Rebecca had done 9 out of the 10 modules for her Masters. She wrote to her local MP for help and the Minister for Education but got no replies.

“Rebecca is still paying back Future Finance for a wasted year and no Masters and I am beyond angry. Rebecca was broken hearted when this happened as she had worked so hard. I will never forgive Future Finance for this.”

In an open letter to the UCAS board of trustees, Martin Lewis writes: “In allowing inclusion of this advert, we believe your charity breached an ethical line, and failed in its duty of care to the people it communicates with, which includes a high proportion of school leavers.

“UCAS has privileged, monopoly access to this young and impressionable audience. It is also seen as an institutional authority and therefore adverts contained in your email are effectively being legitimised by inclusion, and some may even mistake it for a direct recommendation.”

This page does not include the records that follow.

(* Let $A>0$. There exist constants $R_A\ge1$ and $B_A$, depending only on $A$, such that for every Sawtooth model with $n\ge2$ upper particles for which $f_1,g_1,f_n,g_n$ each integrate to $1$ and are bounded by $A$ in sup norm, the map $$[0,1/R_A]\to(C([0,1]),\|\cdot\|_\infty),\qquad y\mapsto F_{X_I\mid X_F=y}$$ is $B_A$-Lipschitz.
   Context: A (type $--$) Sawtooth model with $n\ge1$ upper particles is specified by functions $f_1,g_1,\dots,f_n,g_n:[0,1]\to[0,\infty)$, each nondecreasing, $C^1$ and not identically zero. It is the probability space $[0,1]^{n+1}\times[0,1]^n$ with probability density at $(x_1,\dots,x_{n+1},y_1,\dots,y_n)$ equal to $\frac{1}{\mathcal V}\prod_{i=1}^n\mathbf 1_{\{x_i\le y_i\}}\mathbf 1_{\{x_{i+1}\le y_i\}}f_i(y_i-x_i)\,g_i(y_i-x_{i+1})$, $\mathcal V$ being the normalizing constant; lower particles $X_1,\dots,X_{n+1}$, upper particles $Y_1,\dots,Y_n$; $X_I:=X_1$, $X_F:=X_{n+1}$. $F_{X_I\mid X_F=y}(t)=\mathbb P(X_I\le t\mid X_F=y)$ is the conditional cumulative distribution function computed from the joint density. *)

theory Defs
  imports "HOL-Analysis.Analysis"
begin

definition C1_on_unit :: "(real \<Rightarrow> real) \<Rightarrow> bool" where
  "C1_on_unit h \<longleftrightarrow> (\<exists>h'. continuous_on {0..1} h' \<and>
      (\<forall>x\<in>{0..1}. (h has_real_derivative h' x) (at x within {0..1})))"

definition sawtooth_weight_fun :: "(real \<Rightarrow> real) \<Rightarrow> bool" where
  "sawtooth_weight_fun h \<longleftrightarrow> (\<forall>x\<in>{0..1}. 0 \<le> h x) \<and> mono_on {0..1} h \<and>
      C1_on_unit h \<and> (\<exists>x\<in>{0..1}. h x \<noteq> 0)"

text \<open>Unnormalised joint density of the (--) Sawtooth model with n upper particles,
  lower particles x 1, ..., x (n+1), upper particles y 1, ..., y n.\<close>
definition sawtooth_density ::
  "nat \<Rightarrow> (nat \<Rightarrow> real \<Rightarrow> real) \<Rightarrow> (nat \<Rightarrow> real \<Rightarrow> real) \<Rightarrow>
   (nat \<Rightarrow> real) \<Rightarrow> (nat \<Rightarrow> real) \<Rightarrow> real" where
  "sawtooth_density n f g x y =
     (\<Prod>i\<in>{1..n+1}. indicator {0..1} (x i)) * (\<Prod>i\<in>{1..n}. indicator {0..1} (y i)) *
     (\<Prod>i\<in>{1..n}. indicator {..y i} (x i) * indicator {..y i} (x (i+1)) *
                   f i (y i - x i) * g i (y i - x (i+1)))"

CEO of Future Finance Olga Dolchenko told Cherwell: “Future finance is a highly valued source of funding for under- and postgraduate students who need extra financial assistance over and above government funded support. Over the past five years we have lent over £100m to 15,000 satisfied students across every university in the UK. Given undergraduate students often have no credit history or a poor rating, they are unable to access traditional forms of finance and either struggle to make ends meet or choose inappropriate options such as pay day lending.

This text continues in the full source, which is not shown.